In Epping Forest


On May Day, a public holiday given over to celebrations of fertility we went looking for maypoles and morris dancers. We went out to Epping Forest and parked by Queen Elizabeth’s Hunting Lodge. Straightaway, even before leaving the car, there were grand old characterful trees springing back into life, bursting with new born leaves. Maypoles and morris dancers proved more elusive.


We followed the Green Ride down Magpie Hill and across Chingford Plain by Cuckoo Pits and Bury Wood. Everyone was out enjoying the bank holiday sunshine, walking, running, cycling, riding (horses), flying (model planes), swimming (dogs), picnicking and frolicking all over the place.
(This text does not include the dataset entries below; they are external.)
definition N4 :: "nat \<Rightarrow> nat set \<Rightarrow> nat set \<Rightarrow> nat set \<Rightarrow> col3 set" where
  "N4 m A B C = {(w2 + \<omega>, w3, w1) | w1 w2 w3 \<omega>.
      w1 \<in> DeltaS m A \<and> w2 \<in> Delta m B \<and> w3 \<in> DeltaC m C \<and> \<omega> \<in> {0, w1}}"

definition ip3 :: "nat \<Rightarrow> col3 \<Rightarrow> col3 \<Rightarrow> bit" where
  "ip3 m x y = (\<Sum>i\<in>{1..m}. fst x i * fst y i + fst (snd x) i * fst (snd y) i
                             + snd (snd x) i * snd (snd y) i)"

text \<open>Codes of length |I| are sets of words I -> F_2 (zero outside I).
The code spanned by the rows of the matrix whose columns are the elements of N:
its codewords are x^T G for x in F_2^{3m}.\<close>
definition col_code :: "nat \<Rightarrow> col3 set \<Rightarrow> (col3 \<Rightarrow> bit) set" where
  "col_code m N = {(\<lambda>c. if c \<in> N then ip3 m x c else 0) | x.
                    x \<in> vecs m \<times> vecs m \<times> vecs m}"

definition words :: "'i set \<Rightarrow> ('i \<Rightarrow> bit) set" where
  "words I = {y. \<forall>j. j \<notin> I \<longrightarrow> y j = 0}"

definition dual_code :: "'i set \<Rightarrow> ('i \<Rightarrow> bit) set \<Rightarrow> ('i \<Rightarrow> bit) set" where
  "dual_code I Cd = {y \<in> words I. \<forall>c\<in>Cd. (\<Sum>j\<in>I. y j * c j) = 0}"

definition bin_linear_code :: "'i set \<Rightarrow> ('i \<Rightarrow> bit) set \<Rightarrow> bool" where
  "bin_linear_code I Cd \<longleftrightarrow> finite I \<and> Cd \<subseteq> words I \<and> 0 \<in> Cd \<and>
     (\<forall>x\<in>Cd. \<forall>y\<in>Cd. x + y \<in> Cd)"

text \<open>Dimension over F_2: existence of a basis with k elements (over F_2, linear
combinations are exactly subset sums).\<close>
definition code_dim :: "('i \<Rightarrow> bit) set \<Rightarrow> nat \<Rightarrow> bool" where
  "code_dim Cd k \<longleftrightarrow> (\<exists>Bs. finite Bs \<and> card Bs = k \<and> Bs \<subseteq> Cd \<and>
      (\<forall>S\<subseteq>Bs. sum id S = 0 \<longrightarrow> S = {}) \<and>
      (\<forall>c\<in>Cd. \<exists>S\<subseteq>Bs. c = sum id S))"

definition wt :: "'i set \<Rightarrow> ('i \<Rightarrow> bit) \<Rightarrow> nat" where
  "wt I c = card {j\<in>I. c j \<noteq> 0}"

definition min_dist :: "'i set \<Rightarrow> ('i \<Rightarrow> bit) set \<Rightarrow> nat \<Rightarrow> bool" where
  "min_dist I Cd d \<longleftrightarrow> (\<exists>c\<in>Cd. c \<noteq> 0 \<and> wt I c = d) \<and> (\<forall>c\<in>Cd. c \<noteq> 0 \<longrightarrow> d \<le> wt I c)"

definition is_code_nkd :: "'i set \<Rightarrow> ('i \<Rightarrow> bit) set \<Rightarrow> nat \<Rightarrow> nat \<Rightarrow> nat \<Rightarrow> bool" where
  "is_code_nkd I Cd n k d \<longleftrightarrow> bin_linear_code I Cd \<and> card I = n \<and> code_dim Cd k \<and> min_dist I Cd d"

text \<open>An [n,k,d] code is distance-optimal if no binary linear [n,k,d+1] code exists
(coordinates taken, w.l.o.g., as {0..<n}).\<close>
definition distance_optimal :: "nat \<Rightarrow> nat \<Rightarrow> nat \<Rightarrow> bool" where
  "distance_optimal n k d \<longleftrightarrow> \<not> (\<exists>Cd :: (nat \<Rightarrow> bit) set. is_code_nkd {..<n} Cd n k (d + 1))"

end

theory Submission
  imports Defs "HOL-Library.Product_Plus" "HOL-Library.Indicator_Function"
begin

(* The dual code is the kernel of the map sending y to the sum of the columns it selects, so
   its dimension is |N4| minus the dimension of the span of N4.  Writing C = [m] - {j}, the
   columns are triples (x, z, w) with z_j = 1, and they span Delta_(A u B) x F_2^m x Delta_A;
   producing the vectors (0, z, 0) is where two distinct points of A are needed.  As all
   columns are distinct and lie in the affine hyperplane z_j = 1, dual codewords have even
   weight different from 2, and four explicit columns summing to 0 give d = 4.  For
   optimality, a binary [n, k, 5] code would have pairwise disjoint cosets w + Cd for the
   (n/2)^2 words w = e_i + e_l with i < n/2 <= l, forcing (n/2)^2 <= 2^(n-k); here
   2^(n-k) = 2^(m + 2|A| + |B|) is smaller. *)

(* Keep bit arithmetic in field form instead of unfolding it to XOR/AND. *)
declare add_bit_eq_xor [simp del] mult_bit_eq_and [simp del]

lemma bit_add_self [simp]: "(x::bit) + x = 0"
  by (cases x) simp_all

lemma bit_fun_add_self [simp]: "(f::'i \<Rightarrow> bit) + f = 0"
  by (simp add: fun_eq_iff)

lemma bit_fun_add_self_left [simp]: "(f::'i \<Rightarrow> bit) + (f + g) = g"
  by (simp flip: add.assoc)

lemma bit_add_eq_0_iff: "(x::bit) + y = 0 \<longleftrightarrow> x = y"
  by (cases x; cases y) simp_all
I try not to photograph people unless I have their permission. It seems unkind to steal their image without asking. But up by Strawberry Hill Pond I inadvertently snapped a woman working-out on an exercise tree. Look closely above, right of the big tree, across the water and see tree tai chi.


This is such an idyllic, tranquil scene. It seems silent and empty, but there were ducks quacking, dogs swimming, children playing, and the music of their voices, shouts and barks and everywhere birdsong.


At Loughton Brook there is ‘a site of geomorphical interest’ and a sign which reads – The valley and meanders of Loughton Brook are a special feature and can be seriously damaged by cycling. It threads its way in great, winding, sinuous loops through the forest to the Roding then into the Thames.


Beneath the trees here, seen from the path, there were lovely, undulating banks and ditches. I should have gone for a closer look. Only later did I realise it was Loughton Camp, an Iron Age hill fort similar to the one at Ambresbury Banks further up the forest.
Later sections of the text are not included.